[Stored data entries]
-=-=-=-=-

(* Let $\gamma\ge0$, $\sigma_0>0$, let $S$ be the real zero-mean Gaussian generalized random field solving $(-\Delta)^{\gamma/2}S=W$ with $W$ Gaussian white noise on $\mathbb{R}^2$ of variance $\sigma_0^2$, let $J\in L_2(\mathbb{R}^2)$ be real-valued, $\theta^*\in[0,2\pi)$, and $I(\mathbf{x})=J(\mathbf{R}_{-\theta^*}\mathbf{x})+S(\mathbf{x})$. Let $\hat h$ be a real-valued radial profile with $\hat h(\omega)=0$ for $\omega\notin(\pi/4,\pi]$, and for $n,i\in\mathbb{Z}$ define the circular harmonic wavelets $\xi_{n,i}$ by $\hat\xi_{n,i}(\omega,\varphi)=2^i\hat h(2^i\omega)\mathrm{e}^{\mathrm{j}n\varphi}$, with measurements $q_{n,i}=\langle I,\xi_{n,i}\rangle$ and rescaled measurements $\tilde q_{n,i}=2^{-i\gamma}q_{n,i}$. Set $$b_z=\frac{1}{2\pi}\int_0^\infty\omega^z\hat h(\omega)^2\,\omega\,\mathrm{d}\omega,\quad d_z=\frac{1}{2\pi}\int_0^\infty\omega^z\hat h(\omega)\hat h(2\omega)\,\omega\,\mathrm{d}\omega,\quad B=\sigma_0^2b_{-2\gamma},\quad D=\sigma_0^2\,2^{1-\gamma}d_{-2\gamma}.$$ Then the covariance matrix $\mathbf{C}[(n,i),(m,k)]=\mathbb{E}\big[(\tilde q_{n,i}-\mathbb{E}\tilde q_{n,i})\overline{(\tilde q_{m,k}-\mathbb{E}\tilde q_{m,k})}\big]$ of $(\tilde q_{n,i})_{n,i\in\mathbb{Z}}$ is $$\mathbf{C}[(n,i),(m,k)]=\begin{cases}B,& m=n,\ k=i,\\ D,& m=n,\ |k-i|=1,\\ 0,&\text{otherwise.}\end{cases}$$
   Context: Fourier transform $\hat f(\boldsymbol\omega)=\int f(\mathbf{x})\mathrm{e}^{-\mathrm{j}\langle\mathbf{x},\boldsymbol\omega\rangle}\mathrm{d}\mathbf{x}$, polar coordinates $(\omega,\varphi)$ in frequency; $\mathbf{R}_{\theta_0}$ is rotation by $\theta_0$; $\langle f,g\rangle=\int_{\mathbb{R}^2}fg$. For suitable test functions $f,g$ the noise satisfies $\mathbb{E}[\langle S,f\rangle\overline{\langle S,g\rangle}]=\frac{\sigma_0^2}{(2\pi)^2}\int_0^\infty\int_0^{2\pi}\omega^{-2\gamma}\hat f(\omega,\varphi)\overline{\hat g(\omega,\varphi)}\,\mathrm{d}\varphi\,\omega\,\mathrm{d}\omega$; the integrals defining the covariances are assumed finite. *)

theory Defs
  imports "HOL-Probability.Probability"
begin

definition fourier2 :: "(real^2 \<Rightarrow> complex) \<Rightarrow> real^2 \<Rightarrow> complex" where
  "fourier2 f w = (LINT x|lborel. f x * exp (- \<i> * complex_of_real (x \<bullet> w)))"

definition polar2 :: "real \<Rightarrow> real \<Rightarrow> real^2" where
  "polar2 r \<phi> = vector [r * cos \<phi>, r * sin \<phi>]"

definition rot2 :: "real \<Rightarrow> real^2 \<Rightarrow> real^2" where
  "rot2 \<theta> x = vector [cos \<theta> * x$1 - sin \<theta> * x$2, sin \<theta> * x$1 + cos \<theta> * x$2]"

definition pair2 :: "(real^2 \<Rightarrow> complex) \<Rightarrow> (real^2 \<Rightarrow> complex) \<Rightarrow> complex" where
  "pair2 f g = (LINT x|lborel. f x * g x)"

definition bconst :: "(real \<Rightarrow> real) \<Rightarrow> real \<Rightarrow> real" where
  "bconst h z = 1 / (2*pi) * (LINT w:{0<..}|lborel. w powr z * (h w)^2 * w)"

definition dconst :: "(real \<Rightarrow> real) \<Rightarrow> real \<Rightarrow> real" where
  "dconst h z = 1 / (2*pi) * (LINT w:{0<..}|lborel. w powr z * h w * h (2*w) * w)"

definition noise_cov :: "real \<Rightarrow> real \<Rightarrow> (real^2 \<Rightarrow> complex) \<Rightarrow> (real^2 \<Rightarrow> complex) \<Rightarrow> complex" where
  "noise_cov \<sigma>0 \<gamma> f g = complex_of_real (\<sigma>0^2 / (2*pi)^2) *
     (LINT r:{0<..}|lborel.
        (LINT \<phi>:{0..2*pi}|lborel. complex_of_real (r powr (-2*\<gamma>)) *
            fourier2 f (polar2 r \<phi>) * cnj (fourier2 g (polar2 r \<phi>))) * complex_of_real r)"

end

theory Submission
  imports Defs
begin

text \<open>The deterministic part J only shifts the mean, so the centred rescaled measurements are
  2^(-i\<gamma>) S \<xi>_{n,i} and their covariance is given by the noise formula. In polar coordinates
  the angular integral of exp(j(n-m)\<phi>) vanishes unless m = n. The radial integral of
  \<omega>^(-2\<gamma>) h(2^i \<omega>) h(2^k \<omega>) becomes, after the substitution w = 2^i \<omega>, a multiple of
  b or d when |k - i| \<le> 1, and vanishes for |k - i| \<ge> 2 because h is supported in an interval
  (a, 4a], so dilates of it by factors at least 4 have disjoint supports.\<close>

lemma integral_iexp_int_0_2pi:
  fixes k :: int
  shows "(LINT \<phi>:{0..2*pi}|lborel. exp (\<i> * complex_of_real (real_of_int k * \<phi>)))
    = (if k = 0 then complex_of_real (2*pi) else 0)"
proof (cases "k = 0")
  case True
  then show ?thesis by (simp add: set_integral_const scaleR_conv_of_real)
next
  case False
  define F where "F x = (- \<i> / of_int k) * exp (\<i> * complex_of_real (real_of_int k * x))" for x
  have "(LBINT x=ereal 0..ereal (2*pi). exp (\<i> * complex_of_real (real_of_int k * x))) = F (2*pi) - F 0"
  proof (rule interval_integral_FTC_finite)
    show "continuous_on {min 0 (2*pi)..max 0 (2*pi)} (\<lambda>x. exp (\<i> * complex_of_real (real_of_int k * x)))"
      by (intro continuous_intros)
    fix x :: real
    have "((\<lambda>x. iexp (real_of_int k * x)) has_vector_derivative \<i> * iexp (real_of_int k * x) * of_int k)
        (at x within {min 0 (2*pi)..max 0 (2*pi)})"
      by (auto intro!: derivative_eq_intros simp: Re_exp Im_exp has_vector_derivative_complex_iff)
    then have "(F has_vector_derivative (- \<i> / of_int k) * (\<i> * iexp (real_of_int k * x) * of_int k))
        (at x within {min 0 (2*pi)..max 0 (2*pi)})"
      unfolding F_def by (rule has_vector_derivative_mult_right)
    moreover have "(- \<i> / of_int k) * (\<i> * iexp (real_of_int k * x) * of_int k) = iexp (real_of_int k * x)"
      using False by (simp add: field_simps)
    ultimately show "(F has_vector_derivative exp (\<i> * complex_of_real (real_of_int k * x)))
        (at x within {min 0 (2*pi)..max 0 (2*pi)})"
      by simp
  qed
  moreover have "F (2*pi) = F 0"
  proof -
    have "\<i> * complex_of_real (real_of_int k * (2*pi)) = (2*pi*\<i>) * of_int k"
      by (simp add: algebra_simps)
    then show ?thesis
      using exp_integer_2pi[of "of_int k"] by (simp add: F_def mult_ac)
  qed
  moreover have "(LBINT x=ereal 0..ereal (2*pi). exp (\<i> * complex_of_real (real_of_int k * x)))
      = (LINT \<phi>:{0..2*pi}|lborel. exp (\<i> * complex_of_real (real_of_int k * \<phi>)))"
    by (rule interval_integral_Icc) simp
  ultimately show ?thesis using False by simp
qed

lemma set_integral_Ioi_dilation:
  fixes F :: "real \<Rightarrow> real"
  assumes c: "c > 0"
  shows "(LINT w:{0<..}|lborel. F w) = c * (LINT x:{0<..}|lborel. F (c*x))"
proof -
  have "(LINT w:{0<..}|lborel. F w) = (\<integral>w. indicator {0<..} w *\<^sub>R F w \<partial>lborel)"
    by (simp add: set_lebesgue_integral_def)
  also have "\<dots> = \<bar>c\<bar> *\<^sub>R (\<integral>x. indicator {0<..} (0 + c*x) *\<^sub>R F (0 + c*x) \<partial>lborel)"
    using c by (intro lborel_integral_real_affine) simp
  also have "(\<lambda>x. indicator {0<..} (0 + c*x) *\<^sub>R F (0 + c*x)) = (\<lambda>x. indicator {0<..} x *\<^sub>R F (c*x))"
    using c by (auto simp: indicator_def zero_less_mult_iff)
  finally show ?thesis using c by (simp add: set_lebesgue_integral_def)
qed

-=-=-=-=-

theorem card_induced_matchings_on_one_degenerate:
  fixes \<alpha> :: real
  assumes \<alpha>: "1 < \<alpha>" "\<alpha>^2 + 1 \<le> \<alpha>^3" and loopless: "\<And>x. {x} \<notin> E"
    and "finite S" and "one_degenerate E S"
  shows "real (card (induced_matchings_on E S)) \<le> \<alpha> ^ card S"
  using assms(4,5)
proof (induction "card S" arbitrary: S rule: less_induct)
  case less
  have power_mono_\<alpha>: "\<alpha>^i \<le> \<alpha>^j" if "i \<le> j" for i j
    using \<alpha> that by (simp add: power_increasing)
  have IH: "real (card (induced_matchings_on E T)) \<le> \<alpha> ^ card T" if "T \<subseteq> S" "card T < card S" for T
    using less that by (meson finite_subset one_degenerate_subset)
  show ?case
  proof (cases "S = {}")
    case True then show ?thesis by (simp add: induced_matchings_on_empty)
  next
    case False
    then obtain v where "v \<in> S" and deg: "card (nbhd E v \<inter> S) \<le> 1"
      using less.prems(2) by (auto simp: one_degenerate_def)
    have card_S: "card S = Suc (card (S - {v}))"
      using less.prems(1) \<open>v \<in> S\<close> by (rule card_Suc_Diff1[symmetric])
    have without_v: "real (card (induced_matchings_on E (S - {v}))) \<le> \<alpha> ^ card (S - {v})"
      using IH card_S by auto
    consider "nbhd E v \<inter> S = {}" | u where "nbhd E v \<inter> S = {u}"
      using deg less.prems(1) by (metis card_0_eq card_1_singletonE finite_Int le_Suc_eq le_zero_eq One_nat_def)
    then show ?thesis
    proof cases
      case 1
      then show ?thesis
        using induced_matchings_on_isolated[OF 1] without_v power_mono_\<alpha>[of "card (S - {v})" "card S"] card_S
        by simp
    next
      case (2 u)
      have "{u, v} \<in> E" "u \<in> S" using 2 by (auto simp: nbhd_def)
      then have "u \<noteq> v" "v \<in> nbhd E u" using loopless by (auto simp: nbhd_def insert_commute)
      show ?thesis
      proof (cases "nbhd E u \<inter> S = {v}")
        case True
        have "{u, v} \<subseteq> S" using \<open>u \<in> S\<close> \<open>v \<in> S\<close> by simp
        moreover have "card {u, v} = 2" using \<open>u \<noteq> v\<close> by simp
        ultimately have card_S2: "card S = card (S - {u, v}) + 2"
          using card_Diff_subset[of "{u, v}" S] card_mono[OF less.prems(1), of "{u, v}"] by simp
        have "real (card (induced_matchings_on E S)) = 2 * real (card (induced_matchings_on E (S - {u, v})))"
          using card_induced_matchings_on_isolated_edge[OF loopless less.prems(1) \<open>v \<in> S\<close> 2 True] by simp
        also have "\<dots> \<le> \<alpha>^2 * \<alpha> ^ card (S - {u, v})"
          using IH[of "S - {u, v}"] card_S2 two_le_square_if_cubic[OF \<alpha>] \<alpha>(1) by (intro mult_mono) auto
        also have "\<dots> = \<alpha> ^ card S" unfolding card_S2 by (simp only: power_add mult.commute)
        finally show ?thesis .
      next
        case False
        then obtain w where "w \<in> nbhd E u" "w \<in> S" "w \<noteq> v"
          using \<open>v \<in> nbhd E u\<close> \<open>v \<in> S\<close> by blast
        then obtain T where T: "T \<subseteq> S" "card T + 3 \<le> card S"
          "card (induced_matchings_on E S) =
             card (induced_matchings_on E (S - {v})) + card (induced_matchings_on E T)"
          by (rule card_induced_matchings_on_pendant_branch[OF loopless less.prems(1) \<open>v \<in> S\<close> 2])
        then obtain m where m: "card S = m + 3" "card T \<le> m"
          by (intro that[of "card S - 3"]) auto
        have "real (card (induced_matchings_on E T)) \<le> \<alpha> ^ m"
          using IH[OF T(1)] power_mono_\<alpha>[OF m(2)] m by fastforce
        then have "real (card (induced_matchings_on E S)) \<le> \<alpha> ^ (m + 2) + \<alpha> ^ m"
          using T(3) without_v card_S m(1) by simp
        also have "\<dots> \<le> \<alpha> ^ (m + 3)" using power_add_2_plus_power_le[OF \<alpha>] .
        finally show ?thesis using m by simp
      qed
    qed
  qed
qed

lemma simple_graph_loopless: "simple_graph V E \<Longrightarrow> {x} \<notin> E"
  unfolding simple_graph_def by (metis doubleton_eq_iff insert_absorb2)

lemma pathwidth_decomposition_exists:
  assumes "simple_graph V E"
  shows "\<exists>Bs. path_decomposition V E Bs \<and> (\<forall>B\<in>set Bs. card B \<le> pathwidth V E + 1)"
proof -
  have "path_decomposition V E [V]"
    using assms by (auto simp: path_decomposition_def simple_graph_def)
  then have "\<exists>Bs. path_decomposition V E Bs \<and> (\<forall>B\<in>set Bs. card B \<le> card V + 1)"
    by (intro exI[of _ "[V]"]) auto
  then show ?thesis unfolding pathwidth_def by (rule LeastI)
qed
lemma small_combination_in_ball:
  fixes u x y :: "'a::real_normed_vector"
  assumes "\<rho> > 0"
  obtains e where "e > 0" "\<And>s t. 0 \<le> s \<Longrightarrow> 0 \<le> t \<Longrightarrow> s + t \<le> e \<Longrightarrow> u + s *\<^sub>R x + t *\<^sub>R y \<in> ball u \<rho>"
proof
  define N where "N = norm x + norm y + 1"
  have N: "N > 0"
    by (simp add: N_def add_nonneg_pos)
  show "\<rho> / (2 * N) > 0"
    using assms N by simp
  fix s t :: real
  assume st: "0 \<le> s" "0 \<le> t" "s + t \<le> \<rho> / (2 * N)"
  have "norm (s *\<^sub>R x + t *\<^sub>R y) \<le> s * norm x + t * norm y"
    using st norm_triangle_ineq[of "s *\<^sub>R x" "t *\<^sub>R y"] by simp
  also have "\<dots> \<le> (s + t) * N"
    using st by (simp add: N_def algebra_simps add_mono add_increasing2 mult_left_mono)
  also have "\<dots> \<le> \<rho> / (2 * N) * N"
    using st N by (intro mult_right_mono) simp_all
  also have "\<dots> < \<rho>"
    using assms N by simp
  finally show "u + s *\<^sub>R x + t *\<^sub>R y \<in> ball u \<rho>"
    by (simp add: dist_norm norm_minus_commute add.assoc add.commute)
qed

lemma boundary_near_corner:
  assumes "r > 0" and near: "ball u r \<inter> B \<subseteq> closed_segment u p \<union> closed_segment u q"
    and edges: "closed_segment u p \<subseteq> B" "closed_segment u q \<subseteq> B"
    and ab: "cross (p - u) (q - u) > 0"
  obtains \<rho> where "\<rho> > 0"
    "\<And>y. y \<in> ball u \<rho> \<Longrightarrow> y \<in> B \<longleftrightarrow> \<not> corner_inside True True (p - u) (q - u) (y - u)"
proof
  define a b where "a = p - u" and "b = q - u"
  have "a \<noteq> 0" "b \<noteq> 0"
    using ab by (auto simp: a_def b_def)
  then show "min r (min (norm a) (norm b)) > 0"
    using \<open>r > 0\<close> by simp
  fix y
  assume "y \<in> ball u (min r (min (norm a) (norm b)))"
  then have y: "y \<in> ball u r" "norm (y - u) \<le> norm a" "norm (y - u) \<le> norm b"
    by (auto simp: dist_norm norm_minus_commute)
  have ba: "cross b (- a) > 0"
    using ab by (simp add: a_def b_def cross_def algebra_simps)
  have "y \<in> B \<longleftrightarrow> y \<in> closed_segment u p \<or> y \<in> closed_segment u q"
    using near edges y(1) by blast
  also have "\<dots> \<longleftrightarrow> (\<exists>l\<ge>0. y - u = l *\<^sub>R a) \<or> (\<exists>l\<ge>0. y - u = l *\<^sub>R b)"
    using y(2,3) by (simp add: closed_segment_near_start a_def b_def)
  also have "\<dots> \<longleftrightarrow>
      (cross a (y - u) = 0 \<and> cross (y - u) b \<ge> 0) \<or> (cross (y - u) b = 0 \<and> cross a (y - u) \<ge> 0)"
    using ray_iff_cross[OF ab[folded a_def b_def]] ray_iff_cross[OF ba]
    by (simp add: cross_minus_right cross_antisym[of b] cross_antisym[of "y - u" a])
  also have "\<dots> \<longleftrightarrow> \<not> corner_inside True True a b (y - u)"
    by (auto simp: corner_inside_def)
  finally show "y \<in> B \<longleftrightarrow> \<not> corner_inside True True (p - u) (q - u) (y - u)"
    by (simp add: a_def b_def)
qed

-=-=-=-=-

WHAT TO PRODUCE ▸ Look back at the entries above and repeat, unchanged, every line from the line holding "Suc (card (S" through the line holding "using IH card_S by auto".

OUTPUT FOR THIS EXERCISE ▸
    have card_S: "card S = Suc (card (S - {v}))"
      using less.prems(1) \<open>v \<in> S\<close> by (rule card_Suc_Diff1[symmetric])
    have without_v: "real (card (induced_matchings_on E (S - {v}))) \<le> \<alpha> ^ card (S - {v})"
      using IH card_S by auto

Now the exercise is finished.